The casualties in the Bolivian division were disproportionate to the objective achieved. The nervousness and lack of professional capacity with which an attack that lacked the surprise factor was conducted allowed the few defenders, who were already aware of the Bolivian presence, to produce 238 casualties (including some officers) out of a total of 1000 that they had all three regiments.

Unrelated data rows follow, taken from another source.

(* Let $X$ be a $\delta$-hyperbolic metric space. Then $\mathrm{E}(X)$ is $\delta$-hyperbolic as well. If, in addition, $X$ is geodesic, then every point of $\mathrm{E}(X)$ is within distance $\delta$ of $\mathrm{e}(X)$; if $X$ is discretely geodesic, then every point of $\mathrm{E}(X)$ is within distance $\delta+\frac12$ of $\mathrm{e}(X)$.
   Context: $X$ is $\delta$-hyperbolic ($\delta\ge0$) if $d(w,x)+d(y,z)\le\max\{d(w,y)+d(x,z),\,d(x,y)+d(w,z)\}+\delta$ for all $w,x,y,z\in X$. For a metric space $(X,d)$ let $\Delta(X)=\{f\colon X\to\mathbb{R}: f(x)+f(y)\ge d(x,y)\ \forall x,y\}$ with the pointwise order, $\mathrm{E}(X)$ the set of its minimal elements, metrized by $\|f-g\|_\infty=\sup_x|f(x)-g(x)|$, and $\mathrm{e}\colon X\to\mathrm{E}(X)$, $\mathrm{e}(y)=d(\cdot,y)$ (an isometric embedding). $X$ is discretely geodesic if $d$ is integer valued and any $x,y$ are joined by an isometric embedding $\gamma\colon\{0,\dots,d(x,y)\}\to X$ with $\gamma(0)=x,\gamma(d(x,y))=y$. *)

theory Defs
  imports Complex_Main
begin

definition hyperbolic_on :: "'b set \<Rightarrow> ('b \<Rightarrow> 'b \<Rightarrow> real) \<Rightarrow> real \<Rightarrow> bool" where
  "hyperbolic_on S d \<delta> \<longleftrightarrow> (\<forall>w\<in>S. \<forall>x\<in>S. \<forall>y\<in>S. \<forall>z\<in>S.
     d w x + d y z \<le> max (d w y + d x z) (d x y + d w z) + \<delta>)"

definition Delta :: "('a::metric_space \<Rightarrow> real) set" where
  "Delta = {f. \<forall>x y. dist x y \<le> f x + f y}"

definition Ehull :: "('a::metric_space \<Rightarrow> real) set" where
  "Ehull = {f \<in> Delta. \<forall>g \<in> Delta. g \<le> f \<longrightarrow> g = f}"

definition supdist :: "('a \<Rightarrow> real) \<Rightarrow> ('a \<Rightarrow> real) \<Rightarrow> real" where
  "supdist f g = (SUP x. \<bar>f x - g x\<bar>)"

definition ekur :: "'a::metric_space \<Rightarrow> ('a \<Rightarrow> real)" where
  "ekur y = (\<lambda>x. dist x y)"

definition geodesic_space :: "'a::metric_space itself \<Rightarrow> bool" where
  "geodesic_space _ \<longleftrightarrow> (\<forall>x y::'a. \<exists>\<gamma>::real \<Rightarrow> 'a. \<gamma> 0 = x \<and> \<gamma> (dist x y) = y \<and>
     (\<forall>s\<in>{0..dist x y}. \<forall>t\<in>{0..dist x y}. dist (\<gamma> s) (\<gamma> t) = \<bar>s - t\<bar>))"

definition discretely_geodesic :: "'a::metric_space itself \<Rightarrow> bool" where
  "discretely_geodesic _ \<longleftrightarrow> (\<forall>x y::'a. dist x y \<in> \<int>) \<and>
     (\<forall>x y::'a. \<exists>n::nat. dist x y = real n \<and> (\<exists>\<gamma>::nat \<Rightarrow> 'a. \<gamma> 0 = x \<and> \<gamma> n = y \<and>
       (\<forall>i\<le>n. \<forall>j\<le>n. dist (\<gamma> i) (\<gamma> j) = \<bar>real i - real j\<bar>)))"

end

theory Submission
  imports Defs
begin

text \<open>Minimality makes every \<open>f \<in> Ehull\<close> satisfy \<open>f x = (SUP y. dist x y - f y)\<close>, and consequently
  \<open>supdist f g = (SUP a b. dist a b - f a - g b)\<close>. Under this formula the four-point condition
  for two such suprema follows term by term from the one in \<open>X\<close>, so \<open>Ehull\<close> is
  \<open>\<delta>\<close>-hyperbolic. For the distance to \<open>ekur ` X\<close> note \<open>supdist f (ekur v) = f v\<close>. Choose \<open>x, y\<close>
  with \<open>f x + f y\<close> almost equal to \<open>dist x y\<close>; the four-point condition bounds \<open>f v\<close> by
  \<open>\<delta> + \<bar>dist v x - s\<bar>\<close> (up to the error) for any \<open>v\<close> between \<open>x\<close> and \<open>y\<close>, where
  \<open>s = (dist x y + f x - f y) / 2\<close>. A geodesic contains \<open>v\<close> with \<open>dist v x = s\<close>, a discrete
  geodesic one with \<open>\<bar>dist v x - s\<bar> \<le> 1/2\<close>.\<close>

lemma Delta_nonneg: "f \<in> Delta \<Longrightarrow> 0 \<le> f x"
  unfolding Delta_def by (smt (verit) dist_self mem_Collect_eq)

lemma Ehull_imp_Delta: "f \<in> Ehull \<Longrightarrow> f \<in> Delta"
  unfolding Ehull_def by blast

lemma Ehull_dist_le: "f \<in> Ehull \<Longrightarrow> dist x y \<le> f x + f y"
  using Ehull_imp_Delta unfolding Delta_def by blast

lemma Ehull_nonneg: "f \<in> Ehull \<Longrightarrow> 0 \<le> f x"
  using Delta_nonneg Ehull_imp_Delta by blast

lemma Ehull_almost_tight:
  fixes f :: "'a::metric_space \<Rightarrow> real"
  assumes f: "f \<in> Ehull" and e: "0 < e"
  shows "\<exists>y. f x + f y < dist x y + e"
proof (rule ccontr)
  assume "\<not> ?thesis"
  hence slack: "\<And>y. dist x y \<le> f x + f y - e" by (smt (verit))
  define g where "g = f(x := f x - e / 2)"
  have "g \<in> Delta"
    unfolding Delta_def
  proof (intro CollectI allI)
    fix a b
    show "dist a b \<le> g a + g b"
      using slack[of a] slack[of b] slack[of x] Ehull_dist_le[OF f, of a b] e
      by (cases "a = x"; cases "b = x") (auto simp: g_def dist_commute)
  qed
  moreover have "g \<le> f" using e by (simp add: g_def le_fun_def)
  ultimately have "g = f" using f unfolding Ehull_def by blast
  hence "g x = f x" by simp
  thus False using e by (simp add: g_def)
qed

lemma Ehull_le_if_dist_diff_le:
  fixes f :: "'a::metric_space \<Rightarrow> real"
  assumes f: "f \<in> Ehull" and bound: "\<And>y. dist x y - f y \<le> C"
  shows "f x \<le> C"
proof (rule field_le_epsilon)
  fix e :: real assume "0 < e"
  then obtain y where "f x + f y < dist x y + e" using Ehull_almost_tight[OF f] by blast
  thus "f x \<le> C + e" using bound[of y] by simp
qed

lemma Ehull_lipschitz:
  fixes f :: "'a::metric_space \<Rightarrow> real"
  assumes f: "f \<in> Ehull"
  shows "f x \<le> f z + dist x z"
proof (rule Ehull_le_if_dist_diff_le[OF f])
  fix y
  show "dist x y - f y \<le> f z + dist x z"
    using dist_triangle[of x y z] Ehull_dist_le[OF f, of z y] by simp
qed

lemma Ehull_abs_diff_le:
  fixes f g :: "'a::metric_space \<Rightarrow> real"
  assumes f: "f \<in> Ehull" and g: "g \<in> Ehull"
    and bound: "\<And>a b. dist a b - f a - g b \<le> C"
  shows "\<bar>f x - g x\<bar> \<le> C"
proof -
  have "f x \<le> C + g x"
    by (rule Ehull_le_if_dist_diff_le[OF f]) (use bound in \<open>smt (verit) dist_commute\<close>)
  moreover have "g x \<le> C + f x"
    by (rule Ehull_le_if_dist_diff_le[OF g]) (use bound in \<open>smt (verit) dist_commute\<close>)
  ultimately show ?thesis by simp
qed

lemma bdd_above_Ehull_abs_diff:
  fixes f g :: "'a::metric_space \<Rightarrow> real"
  assumes f: "f \<in> Ehull" and g: "g \<in> Ehull"
  shows "bdd_above (range (\<lambda>x. \<bar>f x - g x\<bar>))"
proof -
  fix z
  have "dist a b - f a - g b \<le> f z + g z" for a b
    using dist_triangle[of a b z] Ehull_dist_le[OF f, of a z] Ehull_dist_le[OF g, of z b] by simp
  thus ?thesis using Ehull_abs_diff_le[OF f g] by (intro bdd_aboveI2) blast
qed

lemma dist_diff_le_supdist:
  fixes f g :: "'a::metric_space \<Rightarrow> real"
  assumes f: "f \<in> Ehull" and g: "g \<in> Ehull"
  shows "dist a b - f a - g b \<le> supdist f g"
proof -
  have "dist a b - f a - g b \<le> \<bar>f b - g b\<bar>" using Ehull_dist_le[OF f, of a b] by simp
  also have "\<dots> \<le> supdist f g" unfolding supdist_def
    by (rule cSUP_upper[OF _ bdd_above_Ehull_abs_diff[OF f g]]) simp
  finally show ?thesis .
qed

lemma supdist_le_if_dist_diff_le:
  fixes f g :: "'a::metric_space \<Rightarrow> real"
  assumes f: "f \<in> Ehull" and g: "g \<in> Ehull"
    and bound: "\<And>a b. dist a b - f a - g b \<le> C"
  shows "supdist f g \<le> C"
  unfolding supdist_def by (rule cSUP_least) (use Ehull_abs_diff_le[OF f g bound] in auto)

lemma supdist_ekur:
  fixes f :: "'a::metric_space \<Rightarrow> real"
  assumes f: "f \<in> Ehull"
  shows "supdist f (ekur y) = f y"
proof -
  have bound: "\<bar>f x - dist x y\<bar> \<le> f y" for x
    using Ehull_dist_le[OF f, of x y] Ehull_lipschitz[OF f, of x y] by simp
  have "supdist f (ekur y) \<le> f y" unfolding supdist_def ekur_def
    by (rule cSUP_least) (use bound in auto)
  moreover have "f y \<le> supdist f (ekur y)"
  proof -
    have "f y = \<bar>f y - dist y y\<bar>" using Ehull_nonneg[OF f] by simp
    also have "\<dots> \<le> supdist f (ekur y)" unfolding supdist_def ekur_def
      by (rule cSUP_upper) (use bound in \<open>auto intro!: bdd_aboveI2\<close>)
    finally show ?thesis .
  qed
  ultimately show ?thesis by simp
qed

lemma INF_supdist_ekur_le:
  fixes f :: "'a::metric_space \<Rightarrow> real"
  assumes f: "f \<in> Ehull" and small: "\<And>e. 0 < e \<Longrightarrow> \<exists>v. f v \<le> c + e"
  shows "(INF y. supdist f (ekur y)) \<le> c"
proof (rule field_le_epsilon)
  fix e :: real assume "0 < e"
  then obtain v where v: "f v \<le> c + e" using small by blast
  have "(INF y. supdist f (ekur y)) \<le> supdist f (ekur v)"
    by (rule cINF_lower) (use supdist_ekur[OF f] Ehull_nonneg[OF f] in \<open>auto intro!: bdd_belowI2\<close>)
  thus "(INF y. supdist f (ekur y)) \<le> c + e" using v supdist_ekur[OF f] by simp
qed

lemma hyperbolic_on_Ehull:
  assumes hyp: "hyperbolic_on (UNIV::'a::metric_space set) dist \<delta>"
  shows "hyperbolic_on (Ehull :: ('a \<Rightarrow> real) set) supdist \<delta>"
  unfolding hyperbolic_on_def
proof (intro ballI)
  fix w x y z :: "'a \<Rightarrow> real"
  assume w: "w \<in> Ehull" and x: "x \<in> Ehull" and y: "y \<in> Ehull" and z: "z \<in> Ehull"
  define M where "M = max (supdist w y + supdist x z) (supdist x y + supdist w z) + \<delta>"
  have four_point: "(dist a b - w a - x b) + (dist c d - y c - z d) \<le> M" for a b c d
  proof -
    have "dist a b + dist c d \<le> max (dist a c + dist b d) (dist b c + dist a d) + \<delta>"
      using hyp unfolding hyperbolic_on_def by blast
    thus ?thesis
      using dist_diff_le_supdist[OF w y, of a c] dist_diff_le_supdist[OF x z, of b d]
        dist_diff_le_supdist[OF x y, of b c] dist_diff_le_supdist[OF w z, of a d]
      unfolding M_def by linarith
  qed
  have "supdist y z \<le> M - supdist w x"
  proof (rule supdist_le_if_dist_diff_le[OF y z])
    fix c d
    have "supdist w x \<le> M - (dist c d - y c - z d)"
      by (rule supdist_le_if_dist_diff_le[OF w x]) (use four_point in \<open>smt (verit)\<close>)
    thus "dist c d - y c - z d \<le> M - supdist w x" by simp
  qed
  thus "supdist w x + supdist y z \<le> M" by simp
qed

lemma Ehull_le_four_point:
  fixes f :: "'a::metric_space \<Rightarrow> real"
  assumes f: "f \<in> Ehull" and hyp: "hyperbolic_on (UNIV::'a set) dist \<delta>"
  shows "f v \<le> max (dist v x + f y) (dist v y + f x) - dist x y + \<delta>"
proof (rule Ehull_le_if_dist_diff_le[OF f])
  fix z
  have "dist v z + dist x y \<le> max (dist v x + dist z y) (dist z x + dist v y) + \<delta>"
    using hyp unfolding hyperbolic_on_def by (metis UNIV_I dist_commute)
  thus "dist v z - f z \<le> max (dist v x + f y) (dist v y + f x) - dist x y + \<delta>"
    using Ehull_dist_le[OF f, of z y] Ehull_dist_le[OF f, of z x] by (smt (verit))
qed

lemma Ehull_le_between:
  fixes f :: "'a::metric_space \<Rightarrow> real"
  assumes f: "f \<in> Ehull" and hyp: "hyperbolic_on (UNIV::'a set) dist \<delta>"
    and tight: "f x + f y < dist x y + e"
    and between: "dist v x + dist v y = dist x y"
    and close: "\<bar>dist v x - (dist x y + f x - f y) / 2\<bar> \<le> r"
  shows "f v \<le> \<delta> + r + e"
proof -
  have "f v \<le> max (dist v x + f y) (dist v y + f x) - dist x y + \<delta>"
    by (rule Ehull_le_four_point[OF f hyp])
  also have "\<dots> = \<bar>dist v x - (dist x y + f x - f y) / 2\<bar> + (f x + f y - dist x y) / 2 + \<delta>"
    using between by (simp add: max_def abs_if field_simps; linarith?)
  also have "\<dots> \<le> \<delta> + r + e"
    using close tight Ehull_dist_le[OF f, of x y] by argo
  finally show ?thesis .
qed

lemma Ehull_midpoint_parameter_bounds:
  fixes f :: "'a::metric_space \<Rightarrow> real"
  assumes "f \<in> Ehull"
  shows "0 \<le> (dist x y + f x - f y) / 2" and "(dist x y + f x - f y) / 2 \<le> dist x y"
  using Ehull_lipschitz[OF assms, of x y] Ehull_lipschitz[OF assms, of y x]
  by (auto simp: dist_commute)

lemma geodesic_Ehull_small_value:
  fixes f :: "'a::metric_space \<Rightarrow> real"
  assumes geo: "geodesic_space TYPE('a)" and hyp: "hyperbolic_on (UNIV::'a set) dist \<delta>"
    and f: "f \<in> Ehull" and e: "0 < e"
  shows "\<exists>v. f v \<le> \<delta> + e"
proof -
  fix x :: 'a
  obtain y where tight: "f x + f y < dist x y + e" using Ehull_almost_tight[OF f e] by blast
  obtain \<gamma> :: "real \<Rightarrow> 'a" where \<gamma>0: "\<gamma> 0 = x" and \<gamma>D: "\<gamma> (dist x y) = y"
    and isom: "\<forall>s\<in>{0..dist x y}. \<forall>t\<in>{0..dist x y}. dist (\<gamma> s) (\<gamma> t) = \<bar>s - t\<bar>"
    using geo unfolding geodesic_space_def by blast
  define s where "s = (dist x y + f x - f y) / 2"
  have s: "s \<in> {0..dist x y}" using Ehull_midpoint_parameter_bounds[OF f] by (simp add: s_def)
  have "dist (\<gamma> s) (\<gamma> (dist x y)) = \<bar>s - dist x y\<bar>" using isom s by simp
  hence "dist (\<gamma> s) y = dist x y - s" using \<gamma>D s by simp
  moreover have "dist (\<gamma> s) x = s" using isom s \<gamma>0 by force
  ultimately have "f (\<gamma> s) \<le> \<delta> + 0 + e"
    by (intro Ehull_le_between[OF f hyp tight]) (simp_all add: s_def)
  thus ?thesis by auto
qed

lemma discretely_geodesic_Ehull_small_value:
  fixes f :: "'a::metric_space \<Rightarrow> real"
  assumes geo: "discretely_geodesic TYPE('a)" and hyp: "hyperbolic_on (UNIV::'a set) dist \<delta>"
    and f: "f \<in> Ehull" and e: "0 < e"
  shows "\<exists>v. f v \<le> \<delta> + 1/2 + e"
proof -
  fix x :: 'a
  obtain y where tight: "f x + f y < dist x y + e" using Ehull_almost_tight[OF f e] by blast
  obtain n :: nat and \<gamma> :: "nat \<Rightarrow> 'a" where n: "dist x y = real n"
    and \<gamma>0: "\<gamma> 0 = x" and \<gamma>n: "\<gamma> n = y"
    and isom: "\<forall>i\<le>n. \<forall>j\<le>n. dist (\<gamma> i) (\<gamma> j) = \<bar>real i - real j\<bar>"
    using geo unfolding discretely_geodesic_def by blast
  define s where "s = (dist x y + f x - f y) / 2"
  have s: "0 \<le> s" "s \<le> real n"
    unfolding s_def n[symmetric] using Ehull_midpoint_parameter_bounds[OF f, of x y] by simp_all
  define k where "k = nat \<lfloor>s + 1/2\<rfloor>"
  have k: "real k = of_int \<lfloor>s + 1/2\<rfloor>" using s by (simp add: k_def)
  have "\<lfloor>s + 1/2\<rfloor> \<le> \<lfloor>real n + 1/2\<rfloor>" using s by (intro floor_mono) simp
  hence "k \<le> n" by (simp add: k_def)
  have "\<bar>real k - s\<bar> \<le> 1/2" unfolding k abs_le_iff by linarith
  moreover have "dist (\<gamma> k) x = real k" using isom \<open>k \<le> n\<close> \<gamma>0 by force
  moreover have "dist (\<gamma> k) y = dist x y - real k" using isom \<open>k \<le> n\<close> \<gamma>n n by force
  ultimately have "f (\<gamma> k) \<le> \<delta> + 1/2 + e"
    by (intro Ehull_le_between[OF f hyp tight]) (simp_all add: s_def)
  thus ?thesis by auto
qed

theorem proposition1p3:
  fixes \<delta> :: real
  assumes "\<delta> \<ge> 0"
    and "hyperbolic_on (UNIV::'a::metric_space set) dist \<delta>"
  shows "hyperbolic_on (Ehull :: ('a \<Rightarrow> real) set) supdist \<delta>
    \<and> (geodesic_space TYPE('a) \<longrightarrow>
           (\<forall>f \<in> (Ehull :: ('a \<Rightarrow> real) set). (INF y. supdist f (ekur y)) \<le> \<delta>))
    \<and> (discretely_geodesic TYPE('a) \<longrightarrow>
           (\<forall>f \<in> (Ehull :: ('a \<Rightarrow> real) set). (INF y. supdist f (ekur y)) \<le> \<delta> + 1/2))"
  using hyperbolic_on_Ehull[OF assms(2)]
    INF_supdist_ekur_le[OF _ geodesic_Ehull_small_value[OF _ assms(2)]]
    INF_supdist_ekur_le[OF _ discretely_geodesic_Ehull_small_value[OF _ assms(2)]]
  by blast

end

The surprise appearance of a new Bolivian division (not foreseen by the intelligence service) in the center of his defences was a setback for Colonel Estigarribia, who also did not expect such a daring attack, much less an attack on the Alihuatá fort. This fort was an important stopover in the Paraguayan supply line to the Paraguayan 1st Division, which at that time was fighting to the south, off Saavedra.

==Aftermath==
With great haste, Estigarribia took some measures to dislodge the dangerous Bolivian intrusion, drawing forces from Fernández (Herrera) and Pirizal. A unit of veterans was brought in from Nanawa, joined by a contingent of recruits recently arrived from Asunción. Thus a detachment of 1,300 men was formed, which was placed under the command of Captain Samaniego. In the Bolivian countryside, Colonel Victorino Gutiérrez, who had commanded the Bolivian 9th Division until the capture of Alihuatá, was replaced by his chief of staff, Lieutenant Colonel Bernardino Bilbao Rioja. On March 15 and 16, the "Campos" regiment and the "Chacaltaya" left wing stoically resisted the attacks of the Samaniego detachment.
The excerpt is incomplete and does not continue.